Consulting a number of experts and sources, in addition to some research, here is a list of words (plus the odd phrase or experimental bit of text) to avoid when composing the perfect marketing email.
Your subject line is the most important part of your email campaign. 100% of your audience will see it, whether or not they open your email.
Here are some suggestions:
Free tends to trigger spam filters, especially if you’re a company that hasn’t been mixing up its marketing messages and bombarding your recipient’s in-box with repetitive offers.
According to MailChimp…
Help, % off and reminder are regularly discarded.
Anything too ‘salesy’ doesn’t work: “shop early and save 10%” or “holiday sales event” are failures.

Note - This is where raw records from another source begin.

(* Let $1 \leq k \leq n-1$ and let $\mathcal{E}_1,\ldots,\mathcal{E}_k$ be ellipsoids in $\mathbb{R}^n$. Define the body $L$ by $\rho_L = \rho_{\mathcal{E}_1}\cdots\rho_{\mathcal{E}_k}$, and let $k \leq l \leq n-1$. Then there exists a sequence of star-bodies $\{L_i\}$ which tends to $L$ in the radial metric and such that for each $i$, $\rho_{L_i} = \rho_{\mathcal{E}^i_1}^{l} + \ldots + \rho_{\mathcal{E}^i_{m_i}}^{l}$ for some ellipsoids $\mathcal{E}^i_1,\ldots,\mathcal{E}^i_{m_i}$.
   Context: Ellipsoids are centered at the origin (images of the Euclidean unit ball under full-rank linear maps). For a star-body $K$ (centrally-symmetric, with continuous positive radial function), $\rho_K(\theta) = \max\{r>0: r\theta\in K\}$ for $\theta \in S^{n-1}$. The radial metric is $d_r(K_1,K_2)=\sup_{\theta\in S^{n-1}}|\rho_{K_1}(\theta)-\rho_{K_2}(\theta)|$. *)

theory Defs
  imports "HOL-Analysis.Analysis"
begin

definition is_ellipsoid :: "'a::euclidean_space set \<Rightarrow> bool" where
  "is_ellipsoid E \<longleftrightarrow> (\<exists>f::'a \<Rightarrow> 'a. linear f \<and> inj f \<and> E = f ` cball 0 1)"

definition radial :: "'a::euclidean_space set \<Rightarrow> 'a \<Rightarrow> real" where
  "radial K \<theta> = Sup {r. r > 0 \<and> r *\<^sub>R \<theta> \<in> K}"

definition star_body :: "'a::euclidean_space set \<Rightarrow> bool" where
  "star_body K \<longleftrightarrow> compact K
     \<and> (\<forall>x\<in>K. \<forall>t\<in>{0..1}. t *\<^sub>R x \<in> K)
     \<and> (\<forall>x\<in>K. - x \<in> K)
     \<and> continuous_on (sphere 0 1) (radial K)
     \<and> (\<forall>\<theta>\<in>sphere 0 1. radial K \<theta> > 0)"

definition body_of_radial :: "('a::euclidean_space \<Rightarrow> real) \<Rightarrow> 'a set" where
  "body_of_radial \<rho> = {x. x = 0 \<or> norm x \<le> \<rho> (x /\<^sub>R norm x)}"

definition radial_dist :: "'a::euclidean_space set \<Rightarrow> 'a set \<Rightarrow> real" where
  "radial_dist K1 K2 = (SUP \<theta>\<in>sphere 0 1. \<bar>radial K1 \<theta> - radial K2 \<theta>\<bar>)"

end

theory Submission
  imports Defs
begin

(* For x, y > 0 and p >= 1, the substitution t = x w / y shows
     1 / (x^p y) = (1/C) * int_0^oo (x^2 + t^2 y^2) powr (-(p+1)/2) dt,
   where C = int_0^oo (1 + w^2) powr (-(p+1)/2) dw, and Riemann sums of this integral with
   mesh delta approximate 1 / (x^p y) uniformly for x, y in a compact subinterval of (0, oo).
   For x = |h theta| and y = |g theta| with linear isomorphisms h, g, each summand
   (x^2 + (delta k y)^2) powr (-(p+1)/2), scaled by a constant, is 1 / |H theta|^(p+1) for a
   linear isomorphism H, i.e. the (p+1)-st power of the radial function of the ellipsoid
   H^-1(B).  By induction on the number of factors, a product of l radial functions of
   ellipsoids is a uniform limit on the sphere of sums of l-th powers of such radial
   functions; a product of k <= l factors is padded with copies of the unit ball, whose
   radial function is 1 on the sphere. *)

lemma one_plus_square_pos: "1 + (w::real)\<^sup>2 > 0"
  by (simp add: add_pos_nonneg)

lemma continuous_on_kernel: "continuous_on S (\<lambda>w::real. (1 + w\<^sup>2) powr (-s))"
  using one_plus_square_pos by (intro continuous_intros) (metis less_irrefl)

lemma kernel_integral_le_arctan:
  fixes s T :: real
  assumes "s \<ge> 1" "T \<ge> 0"
  shows "integral {0..T} (\<lambda>w. (1 + w\<^sup>2) powr (-s)) \<le> arctan T"
proof -
  have "((\<lambda>w. inverse (1 + w\<^sup>2)) has_integral (arctan T - arctan 0)) {0..T}"
    by (rule fundamental_theorem_of_calculus)
       (use assms in \<open>auto intro!: derivative_eq_intros
          simp: has_real_derivative_iff_has_vector_derivative[symmetric]\<close>)
  moreover have "(1 + w\<^sup>2) powr (-s) \<le> inverse (1 + w\<^sup>2)" for w :: real
  proof -
    have "(1 + w\<^sup>2) powr (-s) \<le> (1 + w\<^sup>2) powr (-1)"
      using assms(1) by (intro powr_mono) auto
    then show ?thesis
      using one_plus_square_pos[of w] by (simp add: powr_minus)
  qed
  ultimately have "integral {0..T} (\<lambda>w. (1 + w\<^sup>2) powr (-s)) \<le> arctan T - arctan 0"
    by (intro has_integral_le[OF integrable_integral] integrable_continuous_interval
        continuous_on_kernel)
  then show ?thesis
    by simp
qed

lemma kernel_antimono:
  fixes s u v :: real
  assumes "0 \<le> s" "0 \<le> u" "u \<le> v"
  shows "(1 + v\<^sup>2) powr (-s) \<le> (1 + u\<^sup>2) powr (-s)"
  using assms one_plus_square_pos[of u] by (intro powr_mono2') (auto intro: power_mono)

lemma kernel_integral_mono:
  fixes a b :: real
  assumes "0 \<le> a" "a \<le> b"
  shows "integral {0..a} (\<lambda>w. (1 + w\<^sup>2) powr (-s)) \<le> integral {0..b} (\<lambda>w. (1 + w\<^sup>2) powr (-s))"
  using assms by (intro integral_subset_le integrable_continuous_interval continuous_on_kernel) auto

lemma kernel_integral_pos:
  fixes s T :: real
  assumes "0 \<le> s" "T > 0"
  shows "integral {0..T} (\<lambda>w. (1 + w\<^sup>2) powr (-s)) > 0"
proof -
  have "integral {0..T} (\<lambda>_::real. (1 + T\<^sup>2) powr (-s)) \<le> integral {0..T} (\<lambda>w. (1 + w\<^sup>2) powr (-s))"
    using assms by (intro Henstock_Kurzweil_Integration.integral_le integrable_continuous_interval
        continuous_on_kernel kernel_antimono) auto
  moreover have "integral {0..T} (\<lambda>_::real. (1 + T\<^sup>2) powr (-s)) > 0"
    using assms one_plus_square_pos[of T] by simp
  ultimately show ?thesis
    by linarith
qed

lemma kernel_integral_converges:
  fixes s :: real
  assumes "s \<ge> 1"
  defines "\<Phi> \<equiv> \<lambda>T. integral {0..T} (\<lambda>w. (1 + w\<^sup>2) powr (-s))"
  shows "\<exists>C>0. (\<forall>T\<ge>0. \<Phi> T \<le> C) \<and> (\<forall>\<eta>>0. \<exists>T\<^sub>0. \<forall>T\<ge>T\<^sub>0. C - \<eta> < \<Phi> T)"
proof -
  have bdd: "bdd_above (\<Phi> ` {0..})"
  proof (intro bdd_aboveI[of _ "pi/2"])
    fix y assume "y \<in> \<Phi> ` {0..}"
    then obtain T where "T \<ge> 0" "y = \<Phi> T"
      by auto
    then show "y \<le> pi/2"
      using kernel_integral_le_arctan[OF assms(1), of T] arctan_ubound[of T] by (simp add: \<Phi>_def)
  qed
  define C where "C = (SUP T\<in>{0..}. \<Phi> T)"
  have \<Phi>_le_C: "\<Phi> T \<le> C" if "T \<ge> 0" for T
    unfolding C_def using that bdd by (intro cSUP_upper) auto
  have C_pos: "C > 0"
    using kernel_integral_pos[of s 1] assms(1) \<Phi>_le_C[of 1] by (simp add: \<Phi>_def)
  have "\<exists>T\<^sub>0. \<forall>T\<ge>T\<^sub>0. C - \<eta> < \<Phi> T" if "\<eta> > 0" for \<eta>
  proof -
    have "C - \<eta> < (SUP T\<in>{0..}. \<Phi> T)"
      using that by (simp add: C_def)
    then obtain T\<^sub>0 where T\<^sub>0: "T\<^sub>0 \<ge> 0" "C - \<eta> < \<Phi> T\<^sub>0"
      by (subst (asm) less_cSUP_iff[OF _ bdd]) auto
    have "C - \<eta> < \<Phi> T" if "T \<ge> T\<^sub>0" for T
      using T\<^sub>0 kernel_integral_mono[OF T\<^sub>0(1) that, of s] unfolding \<Phi>_def by linarith
    then show ?thesis
      by blast
  qed
  then show ?thesis
    using C_pos \<Phi>_le_C by blast
qed

lemma sum_squares_powr_eq:
  fixes x z :: real and p :: nat
  assumes x: "x > 0"
  shows "(x\<^sup>2 + z\<^sup>2) powr (- ((real p + 1) / 2)) = (1 + (z / x)\<^sup>2) powr (- ((real p + 1) / 2)) / x ^ (p + 1)"
proof -
  define s where "s = (real p + 1) / 2"
  have "(x\<^sup>2) powr s = x powr (2 * s)"
    using x by (simp add: powr_powr flip: powr_numeral)
  also have "\<dots> = x powr real (p + 1)"
    by (simp add: s_def add_divide_distrib add.commute)
  also have "\<dots> = x ^ (p + 1)"
    using x by (rule powr_realpow)
  finally have "(x\<^sup>2) powr (-s) = 1 / x ^ (p + 1)"
    by (simp add: powr_minus divide_inverse)
  moreover have "x\<^sup>2 + z\<^sup>2 = x\<^sup>2 * (1 + (z / x)\<^sup>2)"
    using x by (simp add: field_simps power2_eq_square)
  ultimately show ?thesis
    unfolding s_def[symmetric] using one_plus_square_pos[of "z / x"] by (simp add: powr_mult)
qed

Just describe the content of your email in the most straightforward and concise manner possible, without making it sound like an advertisement. Try ‘newsletter’ or ‘promotion’ instead, thereby rewarding your recipients with a discount after opening.
According to Adestra, save, today and don’t miss are lousy for triggering opens too.

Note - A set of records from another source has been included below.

text \<open>The weight of the term n+1 is fixed before the point z n, and z n before the weights of
  the later terms, so that at z n the term n+1 dominates the whole sum.\<close>

lemma hump_sequence:
  assumes "\<And>n. y (Suc n) \<noteq> 0" and "\<And>n. \<beta> n < p n" "\<And>n. p n < kx J T (y (Suc n))"
    and w: "\<And>n. 0 < w n" and "0 < r"
  obtains e z where "\<And>j. 0 < e j" "\<And>j. e j \<le> 1" "\<And>j. e (Suc j) \<le> e j"
    and "\<And>n. z n \<noteq> 0" "\<And>n. cmod (z n) < min r (inverse (real (Suc n)))"
    and "\<And>n. 8 * N (z n) powr \<beta> n \<le> w (Suc n) * e (Suc n) * norm (R (z n) (y (Suc n)))"
    and "\<And>n. 4 * e (Suc (Suc n)) * N (z n) \<le> w (Suc n) * e (Suc n) * norm (R (z n) (y (Suc n)))"
proof -
  define H where "H n d l \<longleftrightarrow> l \<noteq> 0 \<and> cmod l < min r (inverse (real (Suc n))) \<and> 1 < N l \<and>
      N l powr p n \<le> norm (R l (y (Suc n))) \<and> 8 * N l powr \<beta> n \<le> w (Suc n) * d * N l powr p n"
    for n d l
  define g where "g n d l = w (Suc n) * d * N l powr p n / (4 * N l)" for n d l
  have hump_exists: "\<exists>l. H n d l" if "0 < d" for n d
  proof -
    have wd: "0 < w (Suc n) * d"
      using w that by simp
    obtain l where "l \<noteq> 0" "cmod l < min r (inverse (real (Suc n)))" "1 < N l"
      "N l powr p n \<le> norm (R l (y (Suc n)))" "8 / (w (Suc n) * d) * N l powr \<beta> n \<le> N l powr p n"
      by (rule resolvent_hump_near_0[of "y (Suc n)" "\<beta> n" "p n" "8 / (w (Suc n) * d)"
            "min r (inverse (real (Suc n)))"])
        (use wd assms in auto)
    with wd show ?thesis
      by (intro exI[of _ l]) (auto simp: H_def field_simps)
  qed
  have g_pos: "0 < g n d l" if "0 < d" "H n d l" for n d l
    using that w by (simp add: g_def H_def)
  obtain e z where e: "\<And>j. 0 < e j" "\<And>j. e j \<le> 1" "\<And>j. e (Suc j) \<le> e j"
    and H: "\<And>n. H n (e (Suc n)) (z n)" and g: "\<And>n. e (Suc (Suc n)) \<le> g n (e (Suc n)) (z n)"
    using decreasing_weights_choice[of H g, OF hump_exists g_pos] by blast
  have Hn: "z n \<noteq> 0" "cmod (z n) < min r (inverse (real (Suc n)))" "1 < N (z n)"
    "N (z n) powr p n \<le> norm (R (z n) (y (Suc n)))"
    "8 * N (z n) powr \<beta> n \<le> w (Suc n) * e (Suc n) * N (z n) powr p n" for n
    using H[of n] unfolding H_def by auto
  have dominant: "w (Suc n) * e (Suc n) * N (z n) powr p n
      \<le> w (Suc n) * e (Suc n) * norm (R (z n) (y (Suc n)))" for n
    using Hn(4) w[of "Suc n"] e(1)[of "Suc n"] by (intro mult_left_mono) auto
  have "4 * e (Suc (Suc n)) * N (z n) \<le> w (Suc n) * e (Suc n) * N (z n) powr p n" for n
    using g[of n] Hn(3)[of n] by (simp add: g_def pos_le_divide_eq mult.commute mult.left_commute)
  then show thesis
    using that[of e z] e Hn(1,2) order_trans[OF Hn(5) dominant] order_trans[OF _ dominant]
    by simp
qed

end

locale hump_superposition = quasinilpotent_operator J T
  for J :: "'h::{real_inner, complete_space} \<Rightarrow> 'h" and T +
  fixes y :: "nat \<Rightarrow> 'h" and \<beta> :: "nat \<Rightarrow> real" and r :: real
    and c e :: "nat \<Rightarrow> real" and z :: "nat \<Rightarrow> complex"
  assumes mono_\<beta>: "mono \<beta>"
    and onorm_gt_1: "\<And>l. l \<noteq> 0 \<Longrightarrow> cmod l < r \<Longrightarrow> 1 < onorm (resolvent J T l)"
    and c_pos: "0 < c j"
    and term_growth: "\<And>l. l \<noteq> 0 \<Longrightarrow> cmod l < r \<Longrightarrow>
      c j * norm (resolvent J T l (y j)) \<le> (1/2)^j * onorm (resolvent J T l) powr \<beta> j"
    and term_small: "c j * norm (y j) \<le> (1/2)^j * e j"
    and e_nonneg: "0 \<le> e j" and e_le_1: "e j \<le> 1" and e_Suc_le: "e (Suc j) \<le> e j"
    and z_nonzero: "z n \<noteq> 0" and z_small: "cmod (z n) < min r (inverse (real (Suc n)))"
    and hump_head: "8 * onorm (resolvent J T (z n)) powr \<beta> n
      \<le> c (Suc n) * norm (resolvent J T (z n) (y (Suc n)))"
    and hump_tail: "4 * e (Suc (Suc n)) * onorm (resolvent J T (z n))
      \<le> c (Suc n) * norm (resolvent J T (z n) (y (Suc n)))"
begin

definition superposition :: 'h where
  "superposition = (\<Sum>j. c j *\<^sub>R y j)"

lemma summable_superposition: "summable (\<lambda>j. c j *\<^sub>R y j)"
proof (rule norm_suminf_le_geometric(1))
  fix j
  have "norm (c j *\<^sub>R y j) \<le> (1/2)^j * e j"
    using term_small c_pos[of j] by simp
  also have "\<dots> \<le> (1/2)^j * 1"
    using e_le_1 by (intro mult_left_mono) auto
  finally show "norm (c j *\<^sub>R y j) \<le> (1/2)^j * 1" .
qed

lemma resolvent_superposition: "l \<noteq> 0 \<Longrightarrow> R l superposition = (\<Sum>j. c j *\<^sub>R R l (y j))"
proof -
  assume "l \<noteq> 0"
  interpret Rl: bounded_linear "R l"
    by (rule resolvent_inverse(1)[OF \<open>l \<noteq> 0\<close>])
  show ?thesis
    unfolding superposition_def Rl.suminf[OF summable_superposition] by (simp add: Rl.scale)
qed

lemma norm_term_le_onorm:
  assumes "l \<noteq> 0"
  shows "norm (c j *\<^sub>R R l (y j)) \<le> (1/2)^j * (e j * N l)"
proof -
  have "norm (c j *\<^sub>R R l (y j)) \<le> c j * (N l * norm (y j))"
    using norm_resolvent_le[OF assms, of "y j"] c_pos[of j] by (simp add: mult_left_mono)
  also have "\<dots> = (c j * norm (y j)) * N l"
    by (simp add: mult_ac)
  also have "\<dots> \<le> ((1/2)^j * e j) * N l"
    using term_small onorm_resolvent_nonneg[OF assms] by (rule mult_right_mono)
  finally show ?thesis
    by (simp add: mult_ac)
qed

lemma summable_resolvent_terms:
  assumes "l \<noteq> 0"
  shows "summable (\<lambda>j. c j *\<^sub>R R l (y j))"
proof (rule norm_suminf_le_geometric(1))
  show "norm (c j *\<^sub>R R l (y j)) \<le> (1/2)^j * N l" for j
    using norm_term_le_onorm[OF assms, of j] mult_right_mono[OF e_le_1[of j] onorm_resolvent_nonneg[OF assms]]
    by (simp add: order_trans[OF _ mult_left_mono])
qed

lemma norm_resolvent_superposition_le:
  assumes "\<And>j. \<beta> j \<le> s" "l \<noteq> 0" "cmod l < r"
  shows "norm (R l superposition) \<le> 2 * N l powr s"
  unfolding resolvent_superposition[OF \<open>l \<noteq> 0\<close>]
proof (rule norm_suminf_le_geometric(2))
  fix j
  have "N l powr \<beta> j \<le> N l powr s"
    using onorm_gt_1[OF assms(2,3)] assms(1) by (intro powr_mono) auto
  then show "norm (c j *\<^sub>R R l (y j)) \<le> (1/2)^j * N l powr s"
    using term_growth[OF assms(2,3), of j] c_pos[of j] by (simp add: order_trans[OF _ mult_left_mono])
qed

Last chance – people hate to think they’re missing out on an opportunity they’ve already been emailed about.
Mailchimp has found that donate is a big loser for open rates. Help and assistance are also to be avoided. However in slightly more heart-warming news, fundraising is fine.
Using numbers may help quantify your message, but constant sales and promotion emails can lead to fatigue. Mix it up as much as you can.
Refrain from using tired slang like LOL, amazeballs, WTF, derp, FTW, epic fail, epic win, cray-cray, totes, adorbs.
Adding ‘Fwd:’ or ‘Re:’ to trick your ready into thinking this is part of an ongoing conversation only creates distrust.
According to Adestra, content marketing headlines that use report (-23.7% opens, -54.8% CTR) and webinar (-16.6%, -70.7%.) fail to live up to expectations. As do the words book and learn.
Video, news and bulletin do work well though.
Personalization means nothing if your data isn’t correct and you don’t have 100% confidence in it.
“Paul check out these amazing offers!” when my name is Christopher, or even worse “[test] check out these amazing offers!”
In fact using a person’s name doesn’t really impact the open rate anyway, and can come across as needy or begging.
All of these…
- Exclamation marks – the more the less I want to open it.
- Smiley faces – or emoticons or emojis or anything with a face in fact.
- Stars, squiggles, indistinct shapes – basically anything that isn’t actual text.
[Putting anything in square brackets] or <these guys> immediately makes you think there’s been a coding error.
Although just to add balance, I did learn that travel site Travelocity achieved a 10.7% lift in unique opens by using a little airplane in its subject line. Which proves that relevancy to content and uniqueness is imperative to proper symbol use.
Remember that symbols appear in some email clients but not others. It may just be a waste of time.
What subject lines work best for you?